Required work — Please set down all of the data below verbatim.

Entries supplied —
lemma reciprocal_form_in_class_U:
  assumes holp: "p holomorphic_on ball 0 1"
    and nonzero: "\<And>z. z \<in> ball 0 1 \<Longrightarrow> 1 + z * p z \<noteq> 0"
    and bound: "\<And>z. z \<in> ball 0 1 \<Longrightarrow> z \<noteq> 0 \<Longrightarrow> norm (z^2 * deriv p z) < 1"
  shows "(\<lambda>z. z / (1 + z * p z)) \<in> class_U"
proof -
  let ?f = "\<lambda>z. z / (1 + z * p z)"
  have deriv_f: "deriv ?f z = (1 - z^2 * deriv p z) / (1 + z * p z)^2" if "z \<in> ball 0 1" for z
    by (intro DERIV_imp_deriv has_field_derivative_reciprocal_form
        holomorphic_derivI[OF holp open_ball that] nonzero that)
  have "?f holomorphic_on ball 0 1"
    using nonzero by (intro holomorphic_intros holp) auto
  moreover have "?f z \<noteq> 0" "norm ((z / ?f z)^2 * deriv ?f z - 1) < 1"
    if "z \<in> ball 0 1" "z \<noteq> 0" for z
    using that nonzero[OF that(1)] bound[OF that]
      class_U_expression_reciprocal_form[OF that(2) nonzero[OF that(1)] _ deriv_f[OF that(1)]]
    by simp_all
  ultimately show ?thesis
    using deriv_f[of 0] by (simp add: class_U_def class_A_def)
qed

lemma Hankel_reciprocal_form:
  assumes holp: "p holomorphic_on ball 0 1" and hP: "p has_fps_expansion P"
    and nonzero: "\<And>z. z \<in> ball 0 1 \<Longrightarrow> 1 + z * p z \<noteq> 0"
    and f_eq: "\<And>z. z \<in> ball 0 1 \<Longrightarrow> f z = z / (1 + z * p z)"
  shows "H22 f = fps_nth P 0 * fps_nth P 2 - (fps_nth P 1)^2"
    and "H31 f = fps_nth P 1 * fps_nth P 3 - (fps_nth P 2)^2"
proof -
  have "f holomorphic_on ball 0 1"
    using nonzero f_eq by (subst holomorphic_cong[OF refl f_eq]) (auto intro!: holomorphic_intros holp)
  then have hF: "f has_fps_expansion fps_expansion f 0"
    by (intro has_fps_expansion_fps_expansion) auto
  have "fps_expansion f 0 * (1 + fps_X * P) = fps_X"
  proof (rule has_fps_expansion_unique_on[where S = "ball 0 1"])
    show "(\<lambda>z. f z * (1 + z * p z)) has_fps_expansion fps_expansion f 0 * (1 + fps_X * P)"
      by (intro has_fps_expansion_mult has_fps_expansion_add hF hP has_fps_expansion_1
          has_fps_expansion_fps_X)
    show "(\<lambda>z. z) has_fps_expansion fps_X"
      by (rule has_fps_expansion_fps_X)
    show "f z * (1 + z * p z) = z" if "z \<in> ball 0 1" for z
      using f_eq[OF that] nonzero[OF that] by simp
  qed auto
  note Hankel = fps_Hankel_X_divide[OF this]
  show "H22 f = fps_nth P 0 * fps_nth P 2 - (fps_nth P 1)^2"
    "H31 f = fps_nth P 1 * fps_nth P 3 - (fps_nth P 2)^2"
    using Hankel by (simp_all add: H22_def H31_def coeff_eq_fps_nth[OF hF] numeral_eq_Suc)
qed

lemma class_U_Hankel_bounds:
  assumes "f \<in> class_U"
  shows "cmod (H22 f) \<le> 1" and "cmod (H31 f) \<le> 1/4"
proof -
  obtain p where holp: "p holomorphic_on ball 0 1"
    and nonzero: "\<And>z. z \<in> ball 0 1 \<Longrightarrow> 1 + z * p z \<noteq> 0"
    and f_eq: "\<And>z. z \<in> ball 0 1 \<Longrightarrow> f z = z / (1 + z * p z)"
    and schur: "deriv p \<in> schur_class"
    using class_U_reciprocal_form[OF assms] by blast
  define P where "P = fps_expansion p 0"
  define D where "D = fps_expansion (deriv p) 0"
  have hP: "p has_fps_expansion P"
    unfolding P_def using holp by (intro has_fps_expansion_fps_expansion) auto
  have "D = fps_deriv P"
    unfolding D_def by (rule fps_expansion_eqI[OF has_fps_expansion_deriv[OF hP]])
  then have D: "fps_nth D 0 = fps_nth P 1" "fps_nth D 1 = 2 * fps_nth P 2" "fps_nth D 2 = 3 * fps_nth P 3"
    by (simp_all add: numeral_2_eq_2 numeral_3_eq_3)
  note Hankel = Hankel_reciprocal_form[OF holp hP nonzero f_eq]
  have H22: "H22 f = fps_nth P 0 * fps_nth D 1 / 2 - (fps_nth D 0)^2"
    using Hankel(1) D by simp
  have H31: "H31 f = (4 * fps_nth D 0 * fps_nth D 2 - 3 * (fps_nth D 1)^2) / 12"
    unfolding D using Hankel(2) by (simp add: power2_eq_square)
  have "norm (fps_nth P 0) \<le> 2"
    using norm_le_2_if_one_plus_mult_nonzero[OF holp schur_classD(2)[OF schur] nonzero]
    by (simp add: P_def)
  moreover have "norm (fps_nth D 1) \<le> 1 - (norm (fps_nth D 0))^2"
    using schur_class_coeff_1_bound[OF schur] by (simp add: D_def)
  ultimately have "norm (fps_nth P 0) * norm (fps_nth D 1) / 2 + (norm (fps_nth D 0))^2 \<le> 1"
    using mult_right_mono[of "norm (fps_nth P 0)" 2 "norm (fps_nth D 1)"] by simp
  then show "cmod (H22 f) \<le> 1"
    unfolding H22 using norm_triangle_ineq4[of "fps_nth P 0 * fps_nth D 1 / 2" "(fps_nth D 0)^2"]
    by (simp add: norm_mult norm_divide norm_power)
  have "norm (4 * fps_nth D 0 * fps_nth D 2 - 3 * (fps_nth D 1)^2) \<le> 3"
    using schur_class_coeff_2_bound[OF schur] by (simp add: D_def)
  then show "cmod (H31 f) \<le> 1/4"
    unfolding H31 by (simp add: norm_divide)
qed

lemma one_plus_monomial_nonzero:
  fixes c z :: complex
  assumes "norm c \<le> 1" "z \<in> ball 0 1"
  shows "1 + z * (c * z^m) \<noteq> 0"
proof
  assume "1 + z * (c * z^m) = 0"
  then have "norm c * norm z ^ Suc m = 1"
    by (metis add_eq_0_iff norm_minus_cancel norm_mult norm_one norm_power power_Suc mult.left_commute)
  moreover have "norm c * norm z ^ Suc m \<le> norm z ^ Suc m"
    using assms(1) by (intro mult_left_le_one_le) auto
  moreover have "norm z ^ Suc m < 1"
    using assms(2) by (metis mem_ball_0 norm_ge_zero power_less_one_iff zero_less_Suc)
  ultimately show False
    by simp
qed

Completed exercise —
lemma reciprocal_form_in_class_U:
  assumes holp: "p holomorphic_on ball 0 1"
    and nonzero: "\<And>z. z \<in> ball 0 1 \<Longrightarrow> 1 + z * p z \<noteq> 0"
    and bound: "\<And>z. z \<in> ball 0 1 \<Longrightarrow> z \<noteq> 0 \<Longrightarrow> norm (z^2 * deriv p z) < 1"
  shows "(\<lambda>z. z / (1 + z * p z)) \<in> class_U"
proof -
  let ?f = "\<lambda>z. z / (1 + z * p z)"
  have deriv_f: "deriv ?f z = (1 - z^2 * deriv p z) / (1 + z * p z)^2" if "z \<in> ball 0 1" for z
    by (intro DERIV_imp_deriv has_field_derivative_reciprocal_form
        holomorphic_derivI[OF holp open_ball that] nonzero that)
  have "?f holomorphic_on ball 0 1"
    using nonzero by (intro holomorphic_intros holp) auto
  moreover have "?f z \<noteq> 0" "norm ((z / ?f z)^2 * deriv ?f z - 1) < 1"
    if "z \<in> ball 0 1" "z \<noteq> 0" for z
    using that nonzero[OF that(1)] bound[OF that]
      class_U_expression_reciprocal_form[OF that(2) nonzero[OF that(1)] _ deriv_f[OF that(1)]]
    by simp_all
  ultimately show ?thesis
    using deriv_f[of 0] by (simp add: class_U_def class_A_def)
qed

lemma Hankel_reciprocal_form:
  assumes holp: "p holomorphic_on ball 0 1" and hP: "p has_fps_expansion P"
    and nonzero: "\<And>z. z \<in> ball 0 1 \<Longrightarrow> 1 + z * p z \<noteq> 0"
    and f_eq: "\<And>z. z \<in> ball 0 1 \<Longrightarrow> f z = z / (1 + z * p z)"
  shows "H22 f = fps_nth P 0 * fps_nth P 2 - (fps_nth P 1)^2"
    and "H31 f = fps_nth P 1 * fps_nth P 3 - (fps_nth P 2)^2"
proof -
  have "f holomorphic_on ball 0 1"
    using nonzero f_eq by (subst holomorphic_cong[OF refl f_eq]) (auto intro!: holomorphic_intros holp)
  then have hF: "f has_fps_expansion fps_expansion f 0"
    by (intro has_fps_expansion_fps_expansion) auto
  have "fps_expansion f 0 * (1 + fps_X * P) = fps_X"
  proof (rule has_fps_expansion_unique_on[where S = "ball 0 1"])
    show "(\<lambda>z. f z * (1 + z * p z)) has_fps_expansion fps_expansion f 0 * (1 + fps_X * P)"
      by (intro has_fps_expansion_mult has_fps_expansion_add hF hP has_fps_expansion_1
          has_fps_expansion_fps_X)
    show "(\<lambda>z. z) has_fps_expansion fps_X"
      by (rule has_fps_expansion_fps_X)
    show "f z * (1 + z * p z) = z" if "z \<in> ball 0 1" for z
      using f_eq[OF that] nonzero[OF that] by simp
  qed auto
  note Hankel = fps_Hankel_X_divide[OF this]
  show "H22 f = fps_nth P 0 * fps_nth P 2 - (fps_nth P 1)^2"
    "H31 f = fps_nth P 1 * fps_nth P 3 - (fps_nth P 2)^2"
    using Hankel by (simp_all add: H22_def H31_def coeff_eq_fps_nth[OF hF] numeral_eq_Suc)
qed

lemma class_U_Hankel_bounds:
  assumes "f \<in> class_U"
  shows "cmod (H22 f) \<le> 1" and "cmod (H31 f) \<le> 1/4"
proof -
  obtain p where holp: "p holomorphic_on ball 0 1"
    and nonzero: "\<And>z. z \<in> ball 0 1 \<Longrightarrow> 1 + z * p z \<noteq> 0"
    and f_eq: "\<And>z. z \<in> ball 0 1 \<Longrightarrow> f z = z / (1 + z * p z)"
    and schur: "deriv p \<in> schur_class"
    using class_U_reciprocal_form[OF assms] by blast
  define P where "P = fps_expansion p 0"
  define D where "D = fps_expansion (deriv p) 0"
  have hP: "p has_fps_expansion P"
    unfolding P_def using holp by (intro has_fps_expansion_fps_expansion) auto
  have "D = fps_deriv P"
    unfolding D_def by (rule fps_expansion_eqI[OF has_fps_expansion_deriv[OF hP]])
  then have D: "fps_nth D 0 = fps_nth P 1" "fps_nth D 1 = 2 * fps_nth P 2" "fps_nth D 2 = 3 * fps_nth P 3"
    by (simp_all add: numeral_2_eq_2 numeral_3_eq_3)
  note Hankel = Hankel_reciprocal_form[OF holp hP nonzero f_eq]
  have H22: "H22 f = fps_nth P 0 * fps_nth D 1 / 2 - (fps_nth D 0)^2"
    using Hankel(1) D by simp
  have H31: "H31 f = (4 * fps_nth D 0 * fps_nth D 2 - 3 * (fps_nth D 1)^2) / 12"
    unfolding D using Hankel(2) by (simp add: power2_eq_square)
  have "norm (fps_nth P 0) \<le> 2"
    using norm_le_2_if_one_plus_mult_nonzero[OF holp schur_classD(2)[OF schur] nonzero]
    by (simp add: P_def)
  moreover have "norm (fps_nth D 1) \<le> 1 - (norm (fps_nth D 0))^2"
    using schur_class_coeff_1_bound[OF schur] by (simp add: D_def)
  ultimately have "norm (fps_nth P 0) * norm (fps_nth D 1) / 2 + (norm (fps_nth D 0))^2 \<le> 1"
    using mult_right_mono[of "norm (fps_nth P 0)" 2 "norm (fps_nth D 1)"] by simp
  then show "cmod (H22 f) \<le> 1"
    unfolding H22 using norm_triangle_ineq4[of "fps_nth P 0 * fps_nth D 1 / 2" "(fps_nth D 0)^2"]
    by (simp add: norm_mult norm_divide norm_power)
  have "norm (4 * fps_nth D 0 * fps_nth D 2 - 3 * (fps_nth D 1)^2) \<le> 3"
    using schur_class_coeff_2_bound[OF schur] by (simp add: D_def)
  then show "cmod (H31 f) \<le> 1/4"
    unfolding H31 by (simp add: norm_divide)
qed

lemma one_plus_monomial_nonzero:
  fixes c z :: complex
  assumes "norm c \<le> 1" "z \<in> ball 0 1"
  shows "1 + z * (c * z^m) \<noteq> 0"
proof
  assume "1 + z * (c * z^m) = 0"
  then have "norm c * norm z ^ Suc m = 1"
    by (metis add_eq_0_iff norm_minus_cancel norm_mult norm_one norm_power power_Suc mult.left_commute)
  moreover have "norm c * norm z ^ Suc m \<le> norm z ^ Suc m"
    using assms(1) by (intro mult_left_le_one_le) auto
  moreover have "norm z ^ Suc m < 1"
    using assms(2) by (metis mem_ball_0 norm_ge_zero power_less_one_iff zero_less_Suc)
  ultimately show False
    by simp
qed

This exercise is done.